[Records supplied — start]

lemma einstein_sol:
  assumes "x \<in> U"
  shows "einstein g m n x + \<Lambda> * g x $ m $ n = scalar_T g phi m n x"
proof (rule einstein_scalar_of_ricci)
  have "sin (2 * q * x$8) \<noteq> 0" using assms by (simp add: U_eq)
  then show "invertible (g x)"
    unfolding sol_metric_diag by (intro invertible_diag_matrix metric_diag_nonzero)
  show "transpose (g x) = g x"
    unfolding sol_metric_diag by (rule transpose_diag_matrix)
qed (simp_all add: ricci_sol[OF assms])

lemma ginv_sol:
  assumes "y \<in> U"
  shows "ginv g y m n = (if m = n then 1 / metric_diag m (y$4) (y$8) else 0)"
proof -
  have "sin (2 * q * y$8) \<noteq> 0" using assms by (simp add: U_eq)
  then show ?thesis
    by (simp add: ginv_def sol_metric_diag matrix_inv_diag_matrix metric_diag_nonzero)
qed

lemma warp_pow_6:
  assumes "sin (2 * q * z) \<noteq> 0"
  shows "warp z ^ 6 = (sin (2 * q * z))^2"
proof -
  have "warp z ^ 6 = warp z powr real 6"
    using warp_pos[OF assms] by (simp add: powr_realpow)
  also have "\<dots> = (sin (2 * q * z))^2"
    unfolding warp_def powr_powr by simp
  finally show ?thesis .
qed

lemma det_sol: "det (g y) = ((sol_a \<Lambda> \<epsilon> a0 (y$4) (y$8))^2 * (sol_b \<Lambda> \<epsilon> b0 (y$4) (y$8))^2)^3"
  unfolding sol_metric_diag det_diag_matrix prod_UNIV_8
  by (simp add: metric_diag_def numeral_8_neq) algebra

lemma sol_a_sq_mult_sol_b_sq: "(sol_a \<Lambda> \<epsilon> a0 t z)^2 * (sol_b \<Lambda> \<epsilon> b0 t z)^2 = (a0 * b0 * warp z)^2"
proof -
  have "exp (2 * e * t) * exp (- (2 * e * t)) = 1"
    by (simp add: exp_minus_inverse)
  then show ?thesis
    unfolding sol_a_sq sol_b_sq by algebra
qed

lemma sqrt_det_sol:
  assumes "y \<in> U"
  shows "sqrt \<bar>det (g y)\<bar> = a0^3 * b0^3 * \<bar>sin (2 * q * y$8)\<bar>"
proof -
  have "det (g y) = (a0 * b0)^6 * warp (y$8)^6"
    unfolding det_sol sol_a_sq_mult_sol_b_sq by (simp add: power_mult_distrib flip: power_mult)
  also have "\<dots> = (a0^3 * b0^3 * sin (2 * q * y$8))^2"
    using assms by (simp add: U_eq warp_pow_6 power_mult_distrib flip: power_mult)
  finally show ?thesis
    using a0_pos b0_pos by (simp add: abs_mult)
qed

lemma flux_sol:
  assumes "y \<in> U"
  shows "sqrt \<bar>det (g y)\<bar> * (\<Sum>n\<in>UNIV. ginv g y m n * partial n phi y)
    = (if m = 8 then 2 * \<sigma> * sqrt (5/6) * q * a0^3 * b0^3 * sgn (sin (2 * q * y$8)) else 0)"
proof -
  have "ginv g y m n * partial n phi y
      = (if n = m then (if m = 8 then phi_deriv (y$8) else 0) else 0)" for n
    by (simp add: ginv_sol[OF assms] partial_sol_phi[OF assms] metric_diag_def)
  moreover have "sin (2 * q * y$8) \<noteq> 0"
    using assms by (simp add: U_eq)
  ultimately show ?thesis
    unfolding sqrt_det_sol[OF assms] by (simp add: phi_deriv_def abs_sgn)
qed

lemma box_sol:
  assumes "x \<in> U"
  shows "box g phi x = 0"
proof -
  define V where "V = {y :: real^8. 0 < sin (2 * q * y$8) * sin (2 * q * x$8)}"
  have "open V"
    unfolding V_def by (intro open_Collect_less continuous_intros)
  moreover have "x \<in> V"
    using assms by (simp add: V_def U_eq flip: power2_eq_square)
  moreover have "sqrt \<bar>det (g y)\<bar> *
      (\<Sum>n\<in>UNIV. ginv g y m n * partial n phi y)
    = (if m = 8 then 2 * \<sigma> * sqrt (5/6) * q * a0^3 * b0^3 * sgn (sin (2 * q * x$8)) else 0)"
    if "y \<in> V" for y m
  proof -
    have "y \<in> U" and "sgn (sin (2 * q * y$8)) = sgn (sin (2 * q * x$8))"
      using that by (auto simp: V_def U_eq zero_less_mult_iff)
    then show ?thesis
      by (simp add: flux_sol)
  qed
  ultimately have "partial m (\<lambda>y. sqrt \<bar>det (g y)\<bar> *
      (\<Sum>n\<in>UNIV. ginv g y m n * partial n phi y)) x
    = partial m (\<lambda>y. if m = 8
      then 2 * \<sigma> * sqrt (5/6) * q * a0^3 * b0^3 * sgn (sin (2 * q * x$8)) else 0) x" for m
    by (intro partial_cong_open)
  then show ?thesis
    by (simp add: box_def partial_const)
qed

lemma log_ratio_sol:
  assumes "sin (2 * q * z) \<noteq> 0"
  shows "ln (sol_b \<Lambda> \<epsilon> b0 t z / sol_a \<Lambda> \<epsilon> a0 t z) = ln (b0 / a0) - 2 * e * t"
proof -
  have "sol_b \<Lambda> \<epsilon> b0 t z / sol_a \<Lambda> \<epsilon> a0 t z = b0 / a0 * exp (- (2 * e * t))"
    using assms a0_pos b0_pos
    by (simp add: sol_a_def sol_b_def theta_eq e_def q_def field_simps flip: exp_add)
  then show ?thesis
    using a0_pos b0_pos by (simp add: ln_div ln_mult)
qed

lemma expansion_rate_sol:
  assumes "x \<in> U"
  shows "(1/2) * partial 4 (\<lambda>y. ln (sol_b \<Lambda> \<epsilon> b0 (y$4) (y$8) / sol_a \<Lambda> \<epsilon> a0 (y$4) (y$8))) x
    = - \<epsilon> * (1/3) * sqrt (\<Lambda>/2)"
proof -
  have "partial 4 (\<lambda>y. ln (sol_b \<Lambda> \<epsilon> b0 (y$4) (y$8) / sol_a \<Lambda> \<epsilon> a0 (y$4) (y$8))) x
      = partial 4 (\<lambda>y. ln (b0 / a0) - 2 * e * y$4) x"
    using open_U assms by (rule partial_cong_open) (simp add: U_eq log_ratio_sol)
  also have "\<dots> = - 2 * e"
    by (subst partial_coord[where D = "- 2 * e"]) (auto intro!: derivative_eq_intros)
  finally show ?thesis
    by (simp add: e_def q_def)
qed

lemma period_eq: "pi * sqrt (2 / \<Lambda>) = pi / q"
proof -
  have "2 / \<Lambda> = (1 / q)^2"
    using \<Lambda>_pos by (simp add: q_sq power_divide)
  then show ?thesis
    using q_pos by simp
qed

lemma theta_add: "sol_theta \<Lambda> (z + p) = sol_theta \<Lambda> z + 2 * q * p"
  by (simp add: theta_eq algebra_simps)

lemma common_period_sol: "common_period \<Lambda> \<epsilon> \<sigma> a0 b0 (pi * sqrt (2 / \<Lambda>))"
proof -
  have "sol_theta \<Lambda> (z + pi * sqrt (2 / \<Lambda>)) = sol_theta \<Lambda> z + 2 * pi" for z
    using q_pos by (simp add: theta_add period_eq)
  then show ?thesis
    unfolding common_period_def by (simp add: sol_a_def sol_b_def sol_phi_def add_divide_distrib)
qed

[Records supplied — finish]

### [Problem]
Scan the entries above for the word "noteq". Report the lines that hold it.

### [Response]
  have "sin (2 * q * x$8) \<noteq> 0" using assms by (simp add: U_eq)
  have "sin (2 * q * y$8) \<noteq> 0" using assms by (simp add: U_eq)
  assumes "sin (2 * q * z) \<noteq> 0"
  moreover have "sin (2 * q * y$8) \<noteq> 0"
  assumes "sin (2 * q * z) \<noteq> 0"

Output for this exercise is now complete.